Only when p has type of void*. Standard guaranties that pointer of any
type can be safely converted only to void* and back.
|
If I read the Standard correctly, the conversions from base <-> derived are
also guaranteed to work.
Now take this example:
class some_class{};
int main()
{
void* Memory = new char[10 * sizeof(some_class)];
some_class * Buffer = static_cast<some_class*>(Memory);
}
The array-new expression yields a void * (a), that is then converted to a
char* (b) and then back to void* (c).
Now this void* is converted into some_class* (d).
a -> c should be fine, what about d?
From one point of view, we are only converting a void * to a some_class*
(c -> d).

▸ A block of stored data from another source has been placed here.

lemma ln_condX_div_condH_le_poly:
  fixes xprev xt :: "real^'n"
  assumes large: "ratio_const CARD('n) + real CARD('n) * (2 * c0 + 1) / 2
      + (1 + real CARD('n) + 4 * (real CARD('n))^2) \<le> real T"
  shows "ln (condX T c0 c1 M t xprev xt / condH T c0 c1 M t xprev xt)
     \<le> real T powr (c0 + 2 * cR + 2)
       * ((norm (xprev - (1 / sqrt \<alpha>) *\<^sub>R xt))^2 + (norm xt)^2 + 1)"
proof -
  let ?W = "(norm (xprev - (1 / sqrt \<alpha>) *\<^sub>R xt))^2" and ?w = "weight xt"
  let ?C = "ratio_const CARD('n)" and ?c = "real CARD('n) * (2 * c0 + 1) / 2"
    and ?D = "1 + real CARD('n) + 4 * (real CARD('n))^2"
  have c: "0 \<le> ?c" using c0_ge_1 by simp
  have "?c * ln (real T) \<le> ?c * real T"
    using ln_le_minus_one[of "real T"] T_ge_2 by (intro mult_left_mono[OF _ c]) auto
  moreover have "?C + ?c * real T + ?D \<le> (real T)^2"
    using ratio_const_nonneg T_ge_2 large by (intro add_mult_add_le_square) auto
  moreover have "?C \<le> ?C * ?w"
    using mult_left_mono[OF weight_ge_1 ratio_const_nonneg] by simp
  moreover have "?c * real T \<le> ?c * real T * ?w"
    using mult_left_mono[OF weight_ge_1[of xt], of "?c * real T"] c by simp
  ultimately have "?C + ?c * ln (real T) + ?D * ?w \<le> (?C + ?c * real T + ?D) * ?w"
    unfolding distrib_right by linarith
  also have "\<dots> \<le> (real T)^2 * ?w"
    using \<open>?C + ?c * real T + ?D \<le> (real T)^2\<close> weight_ge_1[of xt] by (intro mult_right_mono) auto
  moreover have "2 * real T powr (c0 + 1) * ?W \<le> real T powr (c0 + 2 * cR + 2) * ?W"
    using two_T_powr_le by (intro mult_right_mono) auto
  moreover have "real T powr (c0 + 2 * cR + 2) * (?W + (norm xt)^2 + 1)
      = real T powr (c0 + 2 * cR + 2) * ?W + (real T)^2 * ?w"
    using T_ge_2 by (simp add: weight_def powr_add powr_numeral algebra_simps)
  ultimately show ?thesis using ln_condX_div_condH_le[of xprev xt] by linarith
qed

end

lemma lr_regime_large_T:
  fixes c0 c1 :: real and T :: nat
  assumes "1 \<le> c0" "1 \<le> c1" "3 \<le> real T" "16 * c1^2 \<le> real T"
  shows "lr_regime T c0 c1"
proof
  have "exp 1 \<le> real T" using exp_le assms(3) by linarith
  then have lnT: "1 \<le> ln (real T)" using ln_exp ln_mono by fastforce
  then show "1 \<le> c1 * ln (real T)" using assms(2) by (metis mult_mono mult.right_neutral zero_le_one order_trans)
  have T: "0 < real T" using assms(3) by simp
  have "ln (real T) = 2 * ln (sqrt (real T))" using T by (simp add: ln_sqrt)
  also have "\<dots> \<le> 2 * sqrt (real T)" using ln_le_minus_one[of "sqrt (real T)"] T by simp
  finally have l: "ln (real T) \<le> 2 * sqrt (real T)" .
  have "(4 * c1)^2 \<le> real T" using assms(4) by (simp add: power_mult_distrib)
  then have c1: "4 * c1 \<le> sqrt (real T)" by (rule real_le_rsqrt)
  have "c1 * ln (real T) \<le> (sqrt (real T) / 4) * (2 * sqrt (real T))"
    using l c1 assms(2) lnT by (intro mult_mono) auto
  also have "\<dots> = real T / 2" using T by (simp add: power2_eq_square[symmetric])
  finally show "c1 * ln (real T) / real T \<le> 1/2" using T by (simp add: divide_simps)
qed (use assms in auto)

definition large_T_threshold :: "nat \<Rightarrow> real \<Rightarrow> real \<Rightarrow> real" where
  "large_T_threshold d c0 c1 = max 3 (max (16 * c1^2)
     (ratio_const d + real d * (2 * c0 + 1) / 2 + (1 + real d + 4 * (real d)^2)))"

lemma ln_condX_div_condH_le_of_large_T:
  fixes M :: "(real^'n) measure" and xprev xt :: "real^'n"
  assumes "0 < cR" "1 \<le> c0" "1 \<le> c1" and T: "large_T_threshold CARD('n) c0 c1 \<le> real T"
    and "prob_space M" "sets M = sets borel" "AE y in M. norm y \<le> real T powr cR" "2 \<le> t"
  shows "ln (condX T c0 c1 M t xprev xt / condH T c0 c1 M t xprev xt)
     \<le> real T powr (c0 + 2 * cR + 2)
       * ((norm (xprev - (1 / sqrt (lr_alpha T c0 c1 t)) *\<^sub>R xt))^2 + (norm xt)^2 + 1)"
proof -
  have "3 \<le> real T" "16 * c1^2 \<le> real T"
    and large: "ratio_const CARD('n) + real CARD('n) * (2 * c0 + 1) / 2
      + (1 + real CARD('n) + 4 * (real CARD('n))^2) \<le> real T"
    using T unfolding large_T_threshold_def by simp_all
  then interpret diffusion_step T c0 c1 M cR t
    using assms lr_regime_large_T[of c0 c1 T]
    by (intro diffusion_step.intro diffusion_step_axioms.intro) simp_all
  show ?thesis using large by (rule ln_condX_div_condH_le_poly)
qed

theorem lemma13:
  fixes cR :: real
  assumes "cR > 0"
  shows "\<exists>C0 C1. \<forall>c0\<ge>C0. \<forall>c1\<ge>C1. \<exists>T0::nat. \<forall>T\<ge>T0. \<forall>M :: (real^'n) measure.
           (prob_space M \<and> sets M = sets borel \<and> absolutely_continuous lborel M
            \<and> (AE y in M. norm y \<le> real T powr cR)) \<longrightarrow>
           (\<forall>t. 2 \<le> t \<and> t \<le> T \<longrightarrow>
              (\<forall>xt xprev :: real^'n.
                 ln (condX T c0 c1 M t xprev xt / condH T c0 c1 M t xprev xt)
                 \<le> real T powr (c0 + 2 * cR + 2)
                   * ((norm (xprev - (1 / sqrt (lr_alpha T c0 c1 t)) *\<^sub>R xt))\<^sup>2
                      + (norm xt)\<^sup>2 + 1)))"
  apply (intro exI[of _ "1::real"] allI impI)
  subgoal for c0 c1
    apply (intro exI[of _ "nat \<lceil>large_T_threshold CARD('n) c0 c1\<rceil>"] allI impI)
    by (elim conjE, rule ln_condX_div_condH_le_of_large_T[OF assms]) (simp_all add: nat_ceiling_le_eq)
  done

However, this is a subsequence of the conversion from a char* to a
some_class* (b -> d).
Is this little programm now defined or not?
Another question regarding the same idiom of allocating a buffer in a
char[]:
Is this line:
some_class * Buffer = (some_class*) new char[10 * sizeof(some_class)];
equivalent to 1)
some_class * Buffer = static_cast<some_class*>(static_cast<void*>(new
char[10 * sizeof(some_class)]));
or equivalent to 2)
some_class * Buffer = reinterpret_cast<some_class*>(new char[10 *
sizeof(some_class)]);
????
In case 1), the same issue as raised above would apply.
In case 2), the result is unspecified anyways.
Thomas
[ See http://www.gotw.ca/resources/clcm.htm for info about ]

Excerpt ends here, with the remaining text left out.